──────── Data to process ────────
(* Consider the system $x(k+1)=Ax(k)+Bu(k)+w(k)$ in closed loop with the control scheme described in the context (Algorithm ATCS), suppose that $\mathbb{P}_0(x(0),\{0\})$ is feasible, and let $\gamma_z=\gamma_v=0$ (so that the cost is $J_k=N_k$), with $\lambda=1$ used in the algorithm. Then, for any disturbance realization with $w(k)\in\mathcal{W}$ for all $k$, the problems $\mathbb{P}_k(x(k),\mathcal{Z}_{f,k})$, with $\mathcal{Z}_{f,k}$ selected according to the algorithm (and with the additional constraint $N_k\le N^*_{k-1}-1$ whenever the second branch is taken), are feasible for all $k=1,2,\ldots$ reached by the algorithm, and the optimal horizon length decreases by at least $1$ at each step, i.e. $N_k^*\le N_{k-1}^*-1$.
   Context: System: $x(k+1)=Ax(k)+Bu(k)+w(k)$ with $x(k)\in\mathbb{R}^n$, $u(k)\in\mathbb{R}^m$, disturbance $w(k)\in\mathcal{W}$; state/input constraints $x(k)\in\mathcal{X}(k)$, $u(k)\in\mathcal{U}(k)$, where $\mathcal{X}(k),\mathcal{U}(k),\mathcal{W}$ are convex sets. A reference trajectory $r(k)\in\mathbb{R}^n$ is given. $K\in\mathbb{R}^{m\times n}$ is such that $A_K=A+BK$ is Schur. $\mathcal{A}\oplus\mathcal{B}=\{a+b: a\in\mathcal{A},b\in\mathcal{B}\}$, $\mathcal{A}\ominus\mathcal{B}=\{a: \{a\}\oplus\mathcal{B}\subseteq\mathcal{A}\}$. Define $\mathcal{S}(0)=\{0\}$ and $\mathcal{S}(j)=\bigoplus_{i=0}^{j-1}A_K^i\mathcal{W}$ for $j\ge1$; tightened sets $\mathcal{Z}_k(j)=\mathcal{X}(k+j)\ominus\mathcal{S}(j)$, $\mathcal{V}_k(j)=\mathcal{U}(k+j)\ominus K\mathcal{S}(j)$. $\|\cdot\|$ is a fixed vector norm. Problem $\mathbb{P}_k(x(k),\mathcal{Z}_f)$, for a convex set $\mathcal{Z}_f$: minimize over $N_k\in\{1,2,\ldots\}$, $v_k(0),\ldots,v_k(N_k-1)$, $z_k(0),\ldots,z_k(N_k)$ the cost $J_k=N_k+\gamma_z\sum_{j=0}^{N_k}\|z_k(j)-r(k+j)\|+\gamma_v\sum_{j=0}^{N_k-1}\|v_k(j)\|$ subject to $z_k(0)=x(k)$, $z_k(j+1)=Az_k(j)+Bv_k(j)$, $z_k(j)\in\mathcal{Z}_k(j)$ for $j=1,\ldots,N_k-1$, $v_k(j)\in\mathcal{V}_k(j)$ for $j=0,\ldots,N_k-1$, and $z_k(N_k)\in\{r(k+N_k)\}\oplus\mathcal{Z}_f$. Algorithm ATCS (parameter $\lambda$): at $k=0$ solve $\mathbb{P}_0(x(0),\{0\})$, obtaining $(J_0^*,N_0^*,v_0^*,z_0^* )$; set $\mathcal{Z}_{f,0}=\{0\}$, $\bar N=N_0^*$, apply $u(0)=v_0^*(0)$. Then, while $N^*_{k}>1$, increment $k$ and: solve $\mathbb{P}_k(x(k),\{0\})$ with optimal cost $\tilde J_k^*$ ($\tilde J_k^*=\infty$ if infeasible). If $\tilde J_k^*>J^*_{k-1}-\lambda$, set $\mathcal{Z}_{f,k}=\mathcal{Z}_{f,k-1}\oplus A_K^{N^*_{k-1}-1}\mathcal{W}$ and solve $\mathbb{P}_k(x(k),\mathcal{Z}_{f,k})$ with the additional constraint $N_k\le N^*_{k-1}-1$, letting its solution be $(J_k^*,N_k^*,v_k^*,z_k^* )$; otherwise let $(J_k^*,N_k^*,v_k^*,z_k^* )$ be the solution of $\mathbb{P}_k(x(k),\{0\})$, set $\mathcal{Z}_{f,k}=\{0\}$ and $\bar N=N_k^*$. Apply $u(k)=v_k^*(0)$, so $x(k+1)=Ax(k)+Bu(k)+w(k)$ with $w(k)\in\mathcal{W}$ arbitrary. Upon termination, return $\bar N$. *)

theory Defs
  imports "HOL-Analysis.Analysis"
begin

definition msum :: "'a::plus set \<Rightarrow> 'a set \<Rightarrow> 'a set" where
  "msum P Q = {p + q | p q. p \<in> P \<and> q \<in> Q}"

definition pdiff :: "'a::plus set \<Rightarrow> 'a set \<Rightarrow> 'a set" where
  "pdiff P Q = {a. msum {a} Q \<subseteq> P}"

definition schur :: "real^'n^'n \<Rightarrow> bool" where
  "schur M \<longleftrightarrow> (\<forall>(l::complex) (v::complex^'n). v \<noteq> 0 \<and> map_matrix complex_of_real M *v v = l *s v
      \<longrightarrow> cmod l < 1)"

definition mpow_app :: "real^'n^'n \<Rightarrow> nat \<Rightarrow> real^'n \<Rightarrow> real^'n" where
  "mpow_app M i = ((\<lambda>x. M *v x) ^^ i)"

fun Sset :: "real^'n^'n \<Rightarrow> (real^'n) set \<Rightarrow> nat \<Rightarrow> (real^'n) set" where
  "Sset AK W 0 = {0}"
| "Sset AK W (Suc j) = msum (Sset AK W j) (mpow_app AK j ` W)"

definition feasible ::
  "real^'n^'n \<Rightarrow> real^'m^'n \<Rightarrow> real^'n^'m \<Rightarrow> (real^'n) set \<Rightarrow>
   (nat \<Rightarrow> (real^'n) set) \<Rightarrow> (nat \<Rightarrow> (real^'m) set) \<Rightarrow> (nat \<Rightarrow> real^'n) \<Rightarrow>
   nat \<Rightarrow> real^'n \<Rightarrow> (real^'n) set \<Rightarrow> nat \<Rightarrow> (nat \<Rightarrow> real^'m) \<Rightarrow> (nat \<Rightarrow> real^'n) \<Rightarrow> bool" where
  "feasible A B K W X U r k x Zf N v z \<longleftrightarrow>
     N \<ge> 1 \<and> z 0 = x \<and>
     (\<forall>j<N. z (Suc j) = A *v z j + B *v v j) \<and>
     (\<forall>j\<in>{1..N-1}. z j \<in> pdiff (X (k + j)) (Sset (A + B ** K) W j)) \<and>
     (\<forall>j<N. v j \<in> pdiff (U (k + j)) ((\<lambda>s. K *v s) ` Sset (A + B ** K) W j)) \<and>
     z N \<in> msum {r (k + N)} Zf"

definition cost ::
  "real \<Rightarrow> real \<Rightarrow> (nat \<Rightarrow> real^'n) \<Rightarrow> nat \<Rightarrow> nat \<Rightarrow> (nat \<Rightarrow> real^'m) \<Rightarrow> (nat \<Rightarrow> real^'n) \<Rightarrow> real" where
  "cost gz gv r k N v z =
     real N + gz * (\<Sum>j\<le>N. norm (z j - r (k + j))) + gv * (\<Sum>j<N. norm (v j))"

definition opt_sol ::
  "real^'n^'n \<Rightarrow> real^'m^'n \<Rightarrow> real^'n^'m \<Rightarrow> (real^'n) set \<Rightarrow>
   (nat \<Rightarrow> (real^'n) set) \<Rightarrow> (nat \<Rightarrow> (real^'m) set) \<Rightarrow> (nat \<Rightarrow> real^'n) \<Rightarrow> real \<Rightarrow> real \<Rightarrow>
   nat \<Rightarrow> real^'n \<Rightarrow> (real^'n) set \<Rightarrow> nat option \<Rightarrow> nat \<Rightarrow> (nat \<Rightarrow> real^'m) \<Rightarrow> (nat \<Rightarrow> real^'n) \<Rightarrow> bool" where
  "opt_sol A B K W X U r gz gv k x Zf Nmax N v z \<longleftrightarrow>
     feasible A B K W X U r k x Zf N v z \<and> (case Nmax of None \<Rightarrow> True | Some M \<Rightarrow> N \<le> M) \<and>
     (\<forall>N' v' z'. feasible A B K W X U r k x Zf N' v' z' \<and>
        (case Nmax of None \<Rightarrow> True | Some M \<Rightarrow> N' \<le> M) \<longrightarrow>
        cost gz gv r k N v z \<le> cost gz gv r k N' v' z')"

text \<open>Optimal value of P_k(x, {0}) (infinity if infeasible).\<close>
definition opt_val ::
  "real^'n^'n \<Rightarrow> real^'m^'n \<Rightarrow> real^'n^'m \<Rightarrow> (real^'n) set \<Rightarrow>
   (nat \<Rightarrow> (real^'n) set) \<Rightarrow> (nat \<Rightarrow> (real^'m) set) \<Rightarrow> (nat \<Rightarrow> real^'n) \<Rightarrow> real \<Rightarrow> real \<Rightarrow>
   nat \<Rightarrow> real^'n \<Rightarrow> ereal" where
  "opt_val A B K W X U r gz gv k x =
     Inf {ereal (cost gz gv r k N v z) | N v z. feasible A B K W X U r k x {0} N v z}"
────────
[What the task asks] The word "ereal": say how many lines of the records hold it, and give nothing but the number.

[Solution to the problem] 2